Start of Block

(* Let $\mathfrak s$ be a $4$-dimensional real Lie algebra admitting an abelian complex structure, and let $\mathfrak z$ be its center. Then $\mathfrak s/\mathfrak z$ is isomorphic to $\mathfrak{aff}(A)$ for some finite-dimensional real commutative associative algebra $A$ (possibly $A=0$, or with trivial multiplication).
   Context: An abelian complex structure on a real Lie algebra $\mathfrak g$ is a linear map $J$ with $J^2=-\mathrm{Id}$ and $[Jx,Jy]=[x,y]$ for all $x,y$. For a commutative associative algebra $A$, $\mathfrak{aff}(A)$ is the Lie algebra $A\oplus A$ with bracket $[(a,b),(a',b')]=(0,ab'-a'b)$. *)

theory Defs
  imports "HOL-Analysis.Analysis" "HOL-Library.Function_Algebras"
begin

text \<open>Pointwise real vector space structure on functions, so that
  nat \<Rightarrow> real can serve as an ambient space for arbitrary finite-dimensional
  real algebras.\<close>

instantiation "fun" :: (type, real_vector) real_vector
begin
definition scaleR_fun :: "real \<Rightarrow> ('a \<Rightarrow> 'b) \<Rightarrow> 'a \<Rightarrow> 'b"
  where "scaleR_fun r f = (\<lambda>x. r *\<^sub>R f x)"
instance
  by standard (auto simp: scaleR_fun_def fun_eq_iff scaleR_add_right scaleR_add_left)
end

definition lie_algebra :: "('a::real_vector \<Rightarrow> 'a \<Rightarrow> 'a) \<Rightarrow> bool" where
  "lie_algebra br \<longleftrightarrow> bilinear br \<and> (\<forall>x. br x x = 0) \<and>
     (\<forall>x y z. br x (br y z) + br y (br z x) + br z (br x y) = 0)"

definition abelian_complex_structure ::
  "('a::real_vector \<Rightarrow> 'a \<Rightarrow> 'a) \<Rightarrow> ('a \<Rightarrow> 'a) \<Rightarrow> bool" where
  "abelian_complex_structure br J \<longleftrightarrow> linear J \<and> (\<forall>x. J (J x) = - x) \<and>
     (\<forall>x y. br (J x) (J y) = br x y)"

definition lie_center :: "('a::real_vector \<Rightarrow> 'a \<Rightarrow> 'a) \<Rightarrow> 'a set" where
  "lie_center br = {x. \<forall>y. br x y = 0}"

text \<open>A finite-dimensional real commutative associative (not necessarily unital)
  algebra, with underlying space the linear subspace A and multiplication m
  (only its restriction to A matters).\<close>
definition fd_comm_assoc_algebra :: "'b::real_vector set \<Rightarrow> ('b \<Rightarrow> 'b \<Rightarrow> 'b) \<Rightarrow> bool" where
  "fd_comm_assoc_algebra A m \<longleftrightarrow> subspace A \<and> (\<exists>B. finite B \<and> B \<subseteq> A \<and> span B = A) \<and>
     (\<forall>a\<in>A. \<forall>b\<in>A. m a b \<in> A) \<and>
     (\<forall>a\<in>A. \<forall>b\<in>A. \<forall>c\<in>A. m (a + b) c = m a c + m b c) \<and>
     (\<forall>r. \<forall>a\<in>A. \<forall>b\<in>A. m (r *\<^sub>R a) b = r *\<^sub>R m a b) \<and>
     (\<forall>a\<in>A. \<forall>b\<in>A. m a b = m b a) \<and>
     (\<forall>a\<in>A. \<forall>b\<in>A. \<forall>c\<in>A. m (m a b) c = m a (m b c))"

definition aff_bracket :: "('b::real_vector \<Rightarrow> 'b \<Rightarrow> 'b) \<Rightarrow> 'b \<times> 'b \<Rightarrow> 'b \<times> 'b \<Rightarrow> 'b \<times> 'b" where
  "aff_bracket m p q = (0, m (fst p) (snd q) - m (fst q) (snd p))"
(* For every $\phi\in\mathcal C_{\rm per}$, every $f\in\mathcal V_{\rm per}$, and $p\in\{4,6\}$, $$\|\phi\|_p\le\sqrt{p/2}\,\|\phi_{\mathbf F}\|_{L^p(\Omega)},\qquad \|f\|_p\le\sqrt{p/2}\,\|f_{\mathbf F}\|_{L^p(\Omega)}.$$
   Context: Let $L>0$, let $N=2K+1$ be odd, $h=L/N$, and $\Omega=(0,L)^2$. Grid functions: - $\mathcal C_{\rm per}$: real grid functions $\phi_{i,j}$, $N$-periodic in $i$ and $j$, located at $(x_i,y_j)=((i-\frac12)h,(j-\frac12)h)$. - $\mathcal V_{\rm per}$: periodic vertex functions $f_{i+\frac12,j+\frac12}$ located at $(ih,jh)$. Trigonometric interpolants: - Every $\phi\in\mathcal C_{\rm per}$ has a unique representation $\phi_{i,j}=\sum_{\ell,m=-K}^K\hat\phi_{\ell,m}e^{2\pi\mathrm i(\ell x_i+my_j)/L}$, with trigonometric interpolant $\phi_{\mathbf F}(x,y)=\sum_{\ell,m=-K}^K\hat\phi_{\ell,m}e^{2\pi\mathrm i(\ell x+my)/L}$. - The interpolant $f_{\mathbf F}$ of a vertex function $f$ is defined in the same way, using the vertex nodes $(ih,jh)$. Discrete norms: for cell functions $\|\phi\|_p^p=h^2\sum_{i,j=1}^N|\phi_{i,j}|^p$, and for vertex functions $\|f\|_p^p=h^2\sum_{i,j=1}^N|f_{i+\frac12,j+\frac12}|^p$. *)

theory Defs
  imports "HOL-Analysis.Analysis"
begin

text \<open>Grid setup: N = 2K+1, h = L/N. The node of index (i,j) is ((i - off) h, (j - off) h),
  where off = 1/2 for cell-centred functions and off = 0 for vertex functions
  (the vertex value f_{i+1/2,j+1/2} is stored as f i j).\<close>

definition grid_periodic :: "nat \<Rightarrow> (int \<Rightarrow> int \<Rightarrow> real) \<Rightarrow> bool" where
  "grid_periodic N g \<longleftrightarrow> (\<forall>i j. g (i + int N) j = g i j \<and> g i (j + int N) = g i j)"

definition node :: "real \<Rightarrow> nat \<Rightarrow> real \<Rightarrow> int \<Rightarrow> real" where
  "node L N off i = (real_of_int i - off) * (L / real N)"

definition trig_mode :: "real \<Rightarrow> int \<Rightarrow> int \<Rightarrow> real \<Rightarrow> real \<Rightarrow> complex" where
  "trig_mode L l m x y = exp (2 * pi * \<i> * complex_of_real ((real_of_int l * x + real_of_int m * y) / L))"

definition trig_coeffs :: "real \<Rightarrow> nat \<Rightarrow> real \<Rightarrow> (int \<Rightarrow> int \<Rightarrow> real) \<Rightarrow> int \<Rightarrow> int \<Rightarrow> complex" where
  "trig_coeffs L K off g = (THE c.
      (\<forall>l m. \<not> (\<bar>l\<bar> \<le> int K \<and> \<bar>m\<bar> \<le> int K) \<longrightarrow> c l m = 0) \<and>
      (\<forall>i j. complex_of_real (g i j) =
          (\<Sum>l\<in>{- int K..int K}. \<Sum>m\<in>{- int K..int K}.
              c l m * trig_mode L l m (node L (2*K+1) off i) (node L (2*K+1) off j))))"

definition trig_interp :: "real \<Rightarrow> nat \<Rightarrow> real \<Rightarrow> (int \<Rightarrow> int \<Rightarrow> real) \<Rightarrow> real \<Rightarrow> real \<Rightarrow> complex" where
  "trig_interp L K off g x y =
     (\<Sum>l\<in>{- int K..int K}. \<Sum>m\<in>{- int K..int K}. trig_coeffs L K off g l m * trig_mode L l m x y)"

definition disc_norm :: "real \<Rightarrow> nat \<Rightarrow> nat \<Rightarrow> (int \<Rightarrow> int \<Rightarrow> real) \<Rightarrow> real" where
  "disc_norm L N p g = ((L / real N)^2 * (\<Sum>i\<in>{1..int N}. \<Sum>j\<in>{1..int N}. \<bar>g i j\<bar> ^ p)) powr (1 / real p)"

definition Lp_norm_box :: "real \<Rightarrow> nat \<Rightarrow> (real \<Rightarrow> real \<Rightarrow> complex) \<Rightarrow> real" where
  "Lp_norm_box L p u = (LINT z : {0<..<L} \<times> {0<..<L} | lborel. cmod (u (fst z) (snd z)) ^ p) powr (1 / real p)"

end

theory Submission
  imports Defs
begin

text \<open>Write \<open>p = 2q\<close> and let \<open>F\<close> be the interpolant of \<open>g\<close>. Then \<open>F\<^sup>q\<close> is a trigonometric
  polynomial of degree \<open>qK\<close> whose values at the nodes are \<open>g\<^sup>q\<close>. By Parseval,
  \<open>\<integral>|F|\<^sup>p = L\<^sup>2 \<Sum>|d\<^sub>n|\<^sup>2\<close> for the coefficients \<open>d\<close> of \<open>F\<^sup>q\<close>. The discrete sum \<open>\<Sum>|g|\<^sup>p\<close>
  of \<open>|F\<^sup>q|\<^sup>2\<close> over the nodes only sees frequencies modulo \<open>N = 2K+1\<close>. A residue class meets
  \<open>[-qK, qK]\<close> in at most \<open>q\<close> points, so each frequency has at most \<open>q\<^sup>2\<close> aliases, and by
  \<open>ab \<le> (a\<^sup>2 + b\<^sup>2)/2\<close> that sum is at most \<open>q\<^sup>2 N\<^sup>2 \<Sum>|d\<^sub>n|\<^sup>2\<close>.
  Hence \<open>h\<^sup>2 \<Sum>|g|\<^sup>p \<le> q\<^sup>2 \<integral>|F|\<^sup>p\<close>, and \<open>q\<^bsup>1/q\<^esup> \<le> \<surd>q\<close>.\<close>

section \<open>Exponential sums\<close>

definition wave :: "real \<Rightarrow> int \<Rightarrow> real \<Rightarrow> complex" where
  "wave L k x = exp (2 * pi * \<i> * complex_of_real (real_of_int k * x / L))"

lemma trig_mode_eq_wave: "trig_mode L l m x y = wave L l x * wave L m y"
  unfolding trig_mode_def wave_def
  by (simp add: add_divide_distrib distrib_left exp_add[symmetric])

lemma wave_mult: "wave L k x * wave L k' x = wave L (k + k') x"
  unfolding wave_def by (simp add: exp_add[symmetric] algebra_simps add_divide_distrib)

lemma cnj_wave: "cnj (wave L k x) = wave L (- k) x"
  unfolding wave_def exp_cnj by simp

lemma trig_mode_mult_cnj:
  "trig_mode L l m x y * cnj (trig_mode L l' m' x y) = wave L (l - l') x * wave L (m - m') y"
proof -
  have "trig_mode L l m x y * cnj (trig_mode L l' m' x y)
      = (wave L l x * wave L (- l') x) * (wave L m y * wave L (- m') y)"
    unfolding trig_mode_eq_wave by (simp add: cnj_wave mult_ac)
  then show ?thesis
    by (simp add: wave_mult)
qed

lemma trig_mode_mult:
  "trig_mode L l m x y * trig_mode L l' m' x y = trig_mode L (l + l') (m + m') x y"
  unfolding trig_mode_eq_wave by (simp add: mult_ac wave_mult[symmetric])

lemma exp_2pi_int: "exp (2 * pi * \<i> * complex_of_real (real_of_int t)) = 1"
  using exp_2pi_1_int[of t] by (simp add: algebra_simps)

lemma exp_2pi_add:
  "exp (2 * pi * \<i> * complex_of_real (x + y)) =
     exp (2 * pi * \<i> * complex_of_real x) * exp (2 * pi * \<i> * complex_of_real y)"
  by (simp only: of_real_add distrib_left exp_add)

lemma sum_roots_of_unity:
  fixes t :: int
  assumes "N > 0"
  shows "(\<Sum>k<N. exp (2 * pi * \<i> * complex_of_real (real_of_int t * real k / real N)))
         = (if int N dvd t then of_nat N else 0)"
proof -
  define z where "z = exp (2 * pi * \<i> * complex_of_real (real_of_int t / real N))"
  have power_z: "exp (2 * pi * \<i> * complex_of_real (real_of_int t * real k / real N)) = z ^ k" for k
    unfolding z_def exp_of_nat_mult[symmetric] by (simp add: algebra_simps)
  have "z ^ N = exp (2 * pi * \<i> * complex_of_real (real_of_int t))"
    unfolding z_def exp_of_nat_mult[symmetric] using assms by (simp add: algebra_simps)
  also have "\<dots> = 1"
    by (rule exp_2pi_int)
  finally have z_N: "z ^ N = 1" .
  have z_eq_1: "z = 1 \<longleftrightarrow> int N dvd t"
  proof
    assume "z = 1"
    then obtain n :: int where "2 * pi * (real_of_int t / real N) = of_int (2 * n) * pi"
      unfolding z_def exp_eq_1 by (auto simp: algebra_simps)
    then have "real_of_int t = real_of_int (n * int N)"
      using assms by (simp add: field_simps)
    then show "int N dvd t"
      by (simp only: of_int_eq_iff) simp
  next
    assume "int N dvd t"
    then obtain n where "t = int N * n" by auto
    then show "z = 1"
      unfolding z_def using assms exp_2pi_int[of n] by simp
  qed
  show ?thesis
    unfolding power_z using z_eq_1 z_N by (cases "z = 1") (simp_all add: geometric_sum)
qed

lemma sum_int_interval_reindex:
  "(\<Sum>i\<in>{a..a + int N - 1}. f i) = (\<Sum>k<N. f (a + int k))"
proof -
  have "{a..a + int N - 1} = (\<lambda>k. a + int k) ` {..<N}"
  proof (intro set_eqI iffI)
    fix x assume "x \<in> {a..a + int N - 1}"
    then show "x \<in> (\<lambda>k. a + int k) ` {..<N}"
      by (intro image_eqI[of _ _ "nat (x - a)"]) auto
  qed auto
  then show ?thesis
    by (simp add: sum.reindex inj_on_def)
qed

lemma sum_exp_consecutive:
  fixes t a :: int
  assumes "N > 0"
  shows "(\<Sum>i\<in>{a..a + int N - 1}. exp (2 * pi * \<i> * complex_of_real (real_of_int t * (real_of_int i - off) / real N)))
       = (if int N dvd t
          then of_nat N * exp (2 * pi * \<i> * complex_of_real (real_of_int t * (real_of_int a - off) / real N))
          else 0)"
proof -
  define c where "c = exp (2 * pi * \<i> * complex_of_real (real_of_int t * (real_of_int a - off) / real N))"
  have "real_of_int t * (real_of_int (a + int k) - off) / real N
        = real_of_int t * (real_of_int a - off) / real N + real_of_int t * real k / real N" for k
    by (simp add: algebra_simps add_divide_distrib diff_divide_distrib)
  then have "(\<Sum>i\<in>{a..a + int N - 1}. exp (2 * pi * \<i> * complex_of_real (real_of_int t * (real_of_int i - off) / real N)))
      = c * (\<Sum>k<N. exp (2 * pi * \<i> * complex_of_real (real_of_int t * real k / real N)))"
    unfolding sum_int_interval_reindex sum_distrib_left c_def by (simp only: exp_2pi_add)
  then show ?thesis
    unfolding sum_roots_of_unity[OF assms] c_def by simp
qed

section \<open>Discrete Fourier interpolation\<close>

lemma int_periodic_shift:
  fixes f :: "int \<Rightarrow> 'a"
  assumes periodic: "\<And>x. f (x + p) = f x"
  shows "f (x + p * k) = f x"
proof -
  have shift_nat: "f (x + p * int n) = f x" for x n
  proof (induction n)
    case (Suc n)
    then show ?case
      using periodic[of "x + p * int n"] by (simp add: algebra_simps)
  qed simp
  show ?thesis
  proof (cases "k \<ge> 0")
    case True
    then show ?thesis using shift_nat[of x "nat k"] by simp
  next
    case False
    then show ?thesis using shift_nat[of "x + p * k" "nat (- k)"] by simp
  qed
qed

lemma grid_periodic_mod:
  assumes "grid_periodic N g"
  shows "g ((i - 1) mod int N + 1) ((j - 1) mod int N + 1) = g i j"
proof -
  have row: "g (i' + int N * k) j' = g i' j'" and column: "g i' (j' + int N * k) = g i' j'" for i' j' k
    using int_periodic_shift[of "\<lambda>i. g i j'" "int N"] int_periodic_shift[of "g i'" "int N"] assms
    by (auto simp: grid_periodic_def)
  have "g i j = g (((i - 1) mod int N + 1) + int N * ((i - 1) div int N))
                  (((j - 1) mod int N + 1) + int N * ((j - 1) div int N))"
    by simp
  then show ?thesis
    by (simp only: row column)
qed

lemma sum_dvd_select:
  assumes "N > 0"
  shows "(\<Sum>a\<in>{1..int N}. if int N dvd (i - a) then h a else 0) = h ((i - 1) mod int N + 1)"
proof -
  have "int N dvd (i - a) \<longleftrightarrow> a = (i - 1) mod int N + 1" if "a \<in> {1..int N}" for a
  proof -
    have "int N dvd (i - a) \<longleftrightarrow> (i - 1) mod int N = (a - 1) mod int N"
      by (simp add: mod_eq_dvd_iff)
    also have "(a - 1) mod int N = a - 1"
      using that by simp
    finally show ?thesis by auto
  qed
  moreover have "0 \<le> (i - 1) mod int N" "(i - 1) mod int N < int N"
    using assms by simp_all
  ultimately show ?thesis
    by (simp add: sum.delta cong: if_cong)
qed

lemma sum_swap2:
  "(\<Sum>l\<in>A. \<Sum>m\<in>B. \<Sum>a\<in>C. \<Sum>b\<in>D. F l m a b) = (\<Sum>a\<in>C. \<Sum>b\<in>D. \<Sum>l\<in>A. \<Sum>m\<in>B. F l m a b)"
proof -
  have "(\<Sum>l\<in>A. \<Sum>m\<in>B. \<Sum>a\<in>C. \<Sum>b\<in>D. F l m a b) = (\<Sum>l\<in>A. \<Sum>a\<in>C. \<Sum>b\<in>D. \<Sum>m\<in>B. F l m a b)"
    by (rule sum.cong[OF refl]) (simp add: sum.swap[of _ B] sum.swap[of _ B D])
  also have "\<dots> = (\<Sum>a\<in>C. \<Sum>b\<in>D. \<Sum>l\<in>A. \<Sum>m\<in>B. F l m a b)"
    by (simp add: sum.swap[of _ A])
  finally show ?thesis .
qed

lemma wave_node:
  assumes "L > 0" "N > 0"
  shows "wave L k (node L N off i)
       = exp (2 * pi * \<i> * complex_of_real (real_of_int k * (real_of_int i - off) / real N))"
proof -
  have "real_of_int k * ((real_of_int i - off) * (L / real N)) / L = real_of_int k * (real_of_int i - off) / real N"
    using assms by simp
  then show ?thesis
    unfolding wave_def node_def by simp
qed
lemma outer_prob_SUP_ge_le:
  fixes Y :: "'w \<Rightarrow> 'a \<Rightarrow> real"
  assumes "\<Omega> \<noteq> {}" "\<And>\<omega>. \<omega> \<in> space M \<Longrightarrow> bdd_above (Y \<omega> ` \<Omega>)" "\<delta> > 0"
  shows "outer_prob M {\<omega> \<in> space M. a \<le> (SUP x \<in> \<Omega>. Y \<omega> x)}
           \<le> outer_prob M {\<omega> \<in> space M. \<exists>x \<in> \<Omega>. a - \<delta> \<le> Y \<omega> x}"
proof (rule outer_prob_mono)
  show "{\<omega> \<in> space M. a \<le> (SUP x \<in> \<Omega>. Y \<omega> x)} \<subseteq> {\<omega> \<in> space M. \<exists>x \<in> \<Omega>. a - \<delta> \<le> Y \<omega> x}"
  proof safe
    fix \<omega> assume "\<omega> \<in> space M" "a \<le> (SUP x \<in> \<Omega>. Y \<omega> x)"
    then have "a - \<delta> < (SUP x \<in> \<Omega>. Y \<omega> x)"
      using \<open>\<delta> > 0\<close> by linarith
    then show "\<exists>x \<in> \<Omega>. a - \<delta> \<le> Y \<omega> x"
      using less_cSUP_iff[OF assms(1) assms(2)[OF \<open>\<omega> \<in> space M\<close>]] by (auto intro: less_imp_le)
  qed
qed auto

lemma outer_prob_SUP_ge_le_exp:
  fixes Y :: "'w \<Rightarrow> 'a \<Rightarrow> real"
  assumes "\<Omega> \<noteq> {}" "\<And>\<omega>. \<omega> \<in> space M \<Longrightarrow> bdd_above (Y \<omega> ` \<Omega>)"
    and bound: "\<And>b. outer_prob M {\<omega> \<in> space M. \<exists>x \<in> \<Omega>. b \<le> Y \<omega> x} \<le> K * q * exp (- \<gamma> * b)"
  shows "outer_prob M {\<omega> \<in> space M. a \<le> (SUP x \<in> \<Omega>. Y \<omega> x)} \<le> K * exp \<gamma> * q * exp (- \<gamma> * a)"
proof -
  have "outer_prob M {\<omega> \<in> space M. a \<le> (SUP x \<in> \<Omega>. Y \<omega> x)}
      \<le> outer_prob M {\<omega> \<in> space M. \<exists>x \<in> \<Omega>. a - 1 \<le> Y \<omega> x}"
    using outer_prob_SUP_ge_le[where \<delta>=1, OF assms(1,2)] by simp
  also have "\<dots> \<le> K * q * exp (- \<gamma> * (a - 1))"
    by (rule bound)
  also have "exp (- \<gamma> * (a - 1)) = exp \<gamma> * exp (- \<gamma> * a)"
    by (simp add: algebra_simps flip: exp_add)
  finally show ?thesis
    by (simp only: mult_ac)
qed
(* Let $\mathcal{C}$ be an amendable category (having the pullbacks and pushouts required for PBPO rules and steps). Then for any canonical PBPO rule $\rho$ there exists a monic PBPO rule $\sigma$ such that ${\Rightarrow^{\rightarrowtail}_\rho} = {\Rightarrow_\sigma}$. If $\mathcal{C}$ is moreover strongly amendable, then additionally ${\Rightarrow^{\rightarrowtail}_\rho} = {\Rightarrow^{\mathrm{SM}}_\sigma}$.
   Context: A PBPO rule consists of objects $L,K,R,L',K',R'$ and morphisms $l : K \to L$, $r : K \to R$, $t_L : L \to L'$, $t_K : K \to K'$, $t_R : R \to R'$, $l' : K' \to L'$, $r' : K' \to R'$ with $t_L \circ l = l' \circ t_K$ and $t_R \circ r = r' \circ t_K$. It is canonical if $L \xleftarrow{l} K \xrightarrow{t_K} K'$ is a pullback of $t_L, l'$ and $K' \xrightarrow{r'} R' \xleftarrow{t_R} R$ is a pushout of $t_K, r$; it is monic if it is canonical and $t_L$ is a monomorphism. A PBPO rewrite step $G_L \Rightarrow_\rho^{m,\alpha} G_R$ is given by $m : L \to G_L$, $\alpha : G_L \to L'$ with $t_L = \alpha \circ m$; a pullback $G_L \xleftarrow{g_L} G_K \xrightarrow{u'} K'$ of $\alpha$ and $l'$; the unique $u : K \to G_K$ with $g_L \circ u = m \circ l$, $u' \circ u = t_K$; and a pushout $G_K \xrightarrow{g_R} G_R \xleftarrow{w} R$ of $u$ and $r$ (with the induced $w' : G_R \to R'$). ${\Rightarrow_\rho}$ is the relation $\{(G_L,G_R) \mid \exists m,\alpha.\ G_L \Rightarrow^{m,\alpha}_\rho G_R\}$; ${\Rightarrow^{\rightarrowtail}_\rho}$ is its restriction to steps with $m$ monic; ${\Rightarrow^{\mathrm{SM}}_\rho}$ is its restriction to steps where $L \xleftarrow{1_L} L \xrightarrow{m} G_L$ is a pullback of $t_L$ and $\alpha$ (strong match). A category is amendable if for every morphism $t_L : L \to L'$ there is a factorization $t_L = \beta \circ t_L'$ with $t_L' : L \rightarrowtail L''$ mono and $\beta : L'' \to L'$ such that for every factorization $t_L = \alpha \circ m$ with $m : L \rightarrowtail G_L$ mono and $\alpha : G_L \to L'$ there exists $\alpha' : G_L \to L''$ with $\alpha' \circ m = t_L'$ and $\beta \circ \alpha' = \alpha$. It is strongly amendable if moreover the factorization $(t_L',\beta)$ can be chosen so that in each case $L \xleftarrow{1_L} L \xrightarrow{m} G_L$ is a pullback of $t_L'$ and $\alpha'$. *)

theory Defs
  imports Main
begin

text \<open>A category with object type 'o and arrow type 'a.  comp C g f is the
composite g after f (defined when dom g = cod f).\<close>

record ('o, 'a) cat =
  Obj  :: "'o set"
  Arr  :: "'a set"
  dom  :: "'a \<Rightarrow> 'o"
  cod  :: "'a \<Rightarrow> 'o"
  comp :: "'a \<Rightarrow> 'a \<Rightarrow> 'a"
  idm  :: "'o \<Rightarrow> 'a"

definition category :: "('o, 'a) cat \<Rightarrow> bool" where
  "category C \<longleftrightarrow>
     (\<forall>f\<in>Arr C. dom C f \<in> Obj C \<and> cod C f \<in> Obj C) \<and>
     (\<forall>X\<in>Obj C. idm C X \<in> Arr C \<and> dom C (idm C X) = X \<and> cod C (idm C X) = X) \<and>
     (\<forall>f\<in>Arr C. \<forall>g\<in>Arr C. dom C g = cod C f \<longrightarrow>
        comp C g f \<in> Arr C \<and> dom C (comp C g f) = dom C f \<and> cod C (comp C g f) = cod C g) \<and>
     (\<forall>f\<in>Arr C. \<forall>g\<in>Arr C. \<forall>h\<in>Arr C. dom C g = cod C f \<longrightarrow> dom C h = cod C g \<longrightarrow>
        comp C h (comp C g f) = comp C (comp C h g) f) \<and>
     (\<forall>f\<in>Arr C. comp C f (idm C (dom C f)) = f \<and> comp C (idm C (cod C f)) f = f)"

End of Block

**Try it**
Copy every line from the data that includes the string "mathfrak".

**Written solution**
(* Let $\mathfrak s$ be a $4$-dimensional real Lie algebra admitting an abelian complex structure, and let $\mathfrak z$ be its center. Then $\mathfrak s/\mathfrak z$ is isomorphic to $\mathfrak{aff}(A)$ for some finite-dimensional real commutative associative algebra $A$ (possibly $A=0$, or with trivial multiplication).
   Context: An abelian complex structure on a real Lie algebra $\mathfrak g$ is a linear map $J$ with $J^2=-\mathrm{Id}$ and $[Jx,Jy]=[x,y]$ for all $x,y$. For a commutative associative algebra $A$, $\mathfrak{aff}(A)$ is the Lie algebra $A\oplus A$ with bracket $[(a,b),(a',b')]=(0,ab'-a'b)$. *)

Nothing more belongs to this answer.